The paper presents a new benchmark called STaRK that is designed to test how well large language models (LLMs) can retrieve information from different types of knowledge sources. These knowledge sources can be either textual, like books and articles, or relational, like databases and knowledge graphs.

The benchmark includes a variety of tasks that assess the models' ability to answer questions, verify facts, and fill in missing information in knowledge bases. By evaluating LLMs on this diverse set of tasks, the researchers can get a more comprehensive understanding of the models' strengths and weaknesses when it comes to retrieving and using different kinds of knowledge.

The authors test several state-of-the-art LLMs on the STaRK benchmark and share their findings. This provides valuable insights into the current capabilities of these models and can help guide future research and development to improve their knowledge retrieval abilities.

Technical Explanation

The paper introduces the STaRK (Structured and Textual Retrieval Benchmark) to assess the performance of large language models (LLMs) on retrieving information from both textual and relational knowledge bases.
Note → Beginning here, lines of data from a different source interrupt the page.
lemma summable_strategy_times_bounded:
  assumes "strategy p" "\<And>k. 0 \<le> f k" "\<And>k. f k \<le> 1"
  shows "summable (\<lambda>k. p k * f k)"
proof (rule summable_comparison_test'[OF strategy_summable[OF assms(1)]])
  show "norm (p n * f n) \<le> p n" for n
    using assms strategy_nonneg[OF assms(1), of n] by (simp add: abs_mult mult_left_le)
qed

lemma summable_prob_gt: "strategy p \<Longrightarrow> strategy q \<Longrightarrow> summable (\<lambda>x. p x * cdf q x)"
  by (rule summable_strategy_times_bounded) (auto intro: cdf_nonneg cdf_le_one)

lemma summable_prob_eq: "strategy p \<Longrightarrow> strategy q \<Longrightarrow> summable (\<lambda>x. p x * q x)"
  by (rule summable_strategy_times_bounded) (auto intro: strategy_nonneg strategy_le_one)

lemma payoff_sums_bid_payoff:
  assumes "strategy p" "strategy q"
  shows "(\<lambda>k. p k * bid_payoff v q k) sums payoff v p q"
proof -
  have "(\<lambda>k. p k * cdf q k) sums prob_gt p q"
    unfolding prob_gt_def cdf_def[symmetric] using summable_prob_gt[OF assms] by (rule summable_sums)
  moreover have "(\<lambda>k. p k * q k) sums prob_eq p q"
    unfolding prob_eq_def using summable_prob_eq[OF assms] by (rule summable_sums)
  moreover have "(\<lambda>k. real k * p k) sums mean p"
    unfolding mean_def using assms by (intro summable_sums) (simp add: strategy_def)
  ultimately have "(\<lambda>k. v * (p k * cdf q k) + v / 2 * (p k * q k) - real k * p k) sums
        (v * prob_gt p q + v / 2 * prob_eq p q - mean p)"
    by (intro sums_diff sums_add sums_mult)
  then show ?thesis
    by (simp add: payoff_def bid_payoff_def algebra_simps)
qed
The benchmark includes a diverse set of tasks, such as question answering, fact checking, and knowledge base completion, to evaluate the models' ability to retrieve knowledge from different sources.

The authors evaluate several state-of-the-art LLMs, including GPT-3, T5, and REALM, on the STaRK benchmark. They analyze the models' performance across the various tasks and provide insights into the strengths and limitations of these models when it comes to retrieving knowledge from structured and unstructured sources. The results highlight the models' ability to leverage semantic textual relatedness and entity linking to improve their knowledge retrieval capabilities.

Critical Analysis

The STaRK benchmark provides a comprehensive and well-designed framework for evaluating the knowledge retrieval capabilities of LLMs. By including a diverse range of tasks and knowledge sources, the benchmark offers a more holistic assessment of the models' performance compared to previous benchmarks that focused on specific domains or task types.
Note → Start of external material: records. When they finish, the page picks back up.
lemma balanced_if_rank_recurrence:
  fixes T :: "letter list" and R :: "nat \<Rightarrow> nat"
  assumes len: "length T = n" and "0 < n"
    and R_less: "\<And>p. p < n \<Longrightarrow> R p < n"
    and R_step: "\<And>p. p < n \<Longrightarrow> R ((p + 1) mod n) + m = R p + (if T ! p = a then n else 0)"
  shows "balanced T"
proof (rule balanced_if_balanced_a)
  have count: "R ((i + l) mod n) + l * m = R (i mod n) + n * occ_inf T a i l" for i l
  proof (induction l)
    case (Suc l)
    have "((i + l) mod n + 1) mod n = (i + Suc l) mod n" by (simp add: mod_simps)
    then show ?case
      using Suc R_step[of "(i + l) mod n"] \<open>0 < n\<close> by (auto simp: occ_inf_Suc len algebra_simps)
  qed simp
  fix i j l
  have R_mod_less: "R (q mod n) < n" for q using R_less \<open>0 < n\<close> by simp
  have "n * occ_inf T a i l < n * (occ_inf T a j l + 2)"
    using count[of i l] count[of j l] R_mod_less[of "i + l"] R_mod_less[of j] by (simp add: algebra_simps)
  then show "occ_inf T a i l \<le> occ_inf T a j l + 1"
    by (simp only: mult_less_cancel1) simp
qed

lemma APP_nth_bounds:
  assumes "is_APP n k P" "x < n"
  shows "1 \<le> P ! x" "P ! x \<le> n"
  using assms nth_mem[of x P] by (auto simp: is_APP_def is_permutation_def)

lemma APP_nth_pred:
  assumes "is_APP n k P" "x < n"
  shows "P ! x - 1 = (P ! 0 - 1 + x * k) mod n"
  using assms(2)
proof (induction x)
  case 0
  then show ?case using APP_nth_bounds[OF assms(1), of 0] by simp
next
  case (Suc x)
  have step: "P ! Suc x = (P ! x + k + n - 1) mod n + 1"
    using assms(1) Suc.prems by (simp add: is_APP_def mod1_def)
  have "P ! x + k + n - 1 = (P ! x - 1) + k + n"
    using APP_nth_bounds(1)[OF assms(1), of x] Suc.prems by simp
  then have "P ! Suc x - 1 = ((P ! x - 1) + k) mod n"
    using step by simp
  also have "\<dots> = (P ! 0 - 1 + Suc x * k) mod n"
    using Suc by (simp add: mod_simps ac_simps)
  finally show ?case .
qed

lemma APP_ratio_invertible:
  assumes "is_APP n k P" "2 \<le> n"
  shows "\<exists>d < n. d * k mod n = 1"
proof -
  have "(P ! 0 - 1 + 1) mod n + 1 \<in> set P"
    using assms by (simp add: is_APP_def is_permutation_def Suc_le_eq)
  then obtain d where d: "d < n" "P ! d = (P ! 0 - 1 + 1) mod n + 1"
    using assms(1) by (auto simp: in_set_conv_nth is_APP_def is_permutation_def)
  then have "[P ! 0 - 1 + d * k = P ! 0 - 1 + 1] (mod n)"
    using APP_nth_pred[OF assms(1) d(1)] by (simp add: cong_def)
  then have "[d * k = 1] (mod n)"
    using cong_add_lcancel_nat[of "P ! 0 - 1" "d * k" 1 n] by simp
  then show ?thesis
    using d(1) assms(2) by (auto simp: cong_def)
qed

locale APP_suffix_array =
  fixes T :: "letter list" and P :: "nat list" and n k :: nat
  assumes two_le_n: "2 \<le> n"
    and length_T: "length T = n"
    and suffix_array: "is_suffix_array T P"
    and APP: "is_APP n k P"
    and first_ne_ratio_Suc: "P ! 0 \<noteq> k + 1"
begin

definition pos :: "nat \<Rightarrow> nat" where
  "pos x = P ! x - 1"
However, the paper does not address certain limitations of the benchmark, such as the potential biases or gaps in the underlying datasets used for the tasks. Additionally, the evaluation is limited to a few state-of-the-art LLMs, and it would be valuable to see how a broader range of models, including those with different architectures or training approaches, perform on the benchmark.
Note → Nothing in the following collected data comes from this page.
lemma mu2_otimes2:
  assumes "algebra_endo scale mult alpha"
  shows "mu2 scale mult (otimes2 alpha alpha p) = alpha (mu2 scale mult p)"
proof -
  have alpha: "Vector_Spaces.linear scale scale alpha" "\<And>a b. alpha (mult a b) = mult (alpha a) (alpha b)"
    using assms by (simp_all add: algebra_endo_def)
  show ?thesis
  proof (rule linear_eq_on_singles[OF linear_comp[OF linear_otimes2 linear_mu2]
        linear_comp[OF linear_mu2 alpha(1)]])
    fix x :: "'a \<times> 'a"
    show "mu2 scale mult (otimes2 alpha alpha (Poly_Mapping.single x 1))
        = alpha (mu2 scale mult (Poly_Mapping.single x 1))"
      by (cases x) (simp add: tens2_def[symmetric] alpha(2))
  qed
qed

lemma mu2_id_ot_mu_vanishes_on_N3:
  assumes "p \<in> N3 scale"
  shows "mu2 scale mult (id_ot_mu mult p) = 0"
proof (rule linear_vanishes_on_span[OF linear_comp[OF linear_id_ot_mu linear_mu2] _ assms[unfolded N3_def]])
  fix r
  assume "r \<in> rel3 scale"
  then show "mu2 scale mult (id_ot_mu mult r) = 0"
    unfolding rel3_def
    by (auto simp: linear_map_diff[OF linear_comp[OF linear_id_ot_mu linear_mu2]]
        linear_map_scale[OF linear_comp[OF linear_id_ot_mu linear_mu2]] mult_distribs)
qed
Furthermore, the paper does not delve into the potential societal implications of the findings, such as how the strengths and limitations of these models might impact their real-world applications in areas like information retrieval, question answering, or knowledge-based decision-making.

Conclusion

The STaRK benchmark introduced in this paper represents a significant advancement in the evaluation of large language models' knowledge retrieval capabilities. By assessing the models' performance on a diverse set of tasks involving both textual and relational knowledge, the benchmark provides a more comprehensive understanding of the current state of the art and highlights areas for further research and development.

The findings from the authors' evaluation of state-of-the-art LLMs on the STaRK benchmark suggest that while these models have made substantial progress in knowledge retrieval, there is still room for improvement, particularly when it comes to effectively integrating and leveraging different types of knowledge sources. Continued research and innovation in this area could lead to the development of more robust and versatile knowledge-powered AI systems that can better support a wide range of applications.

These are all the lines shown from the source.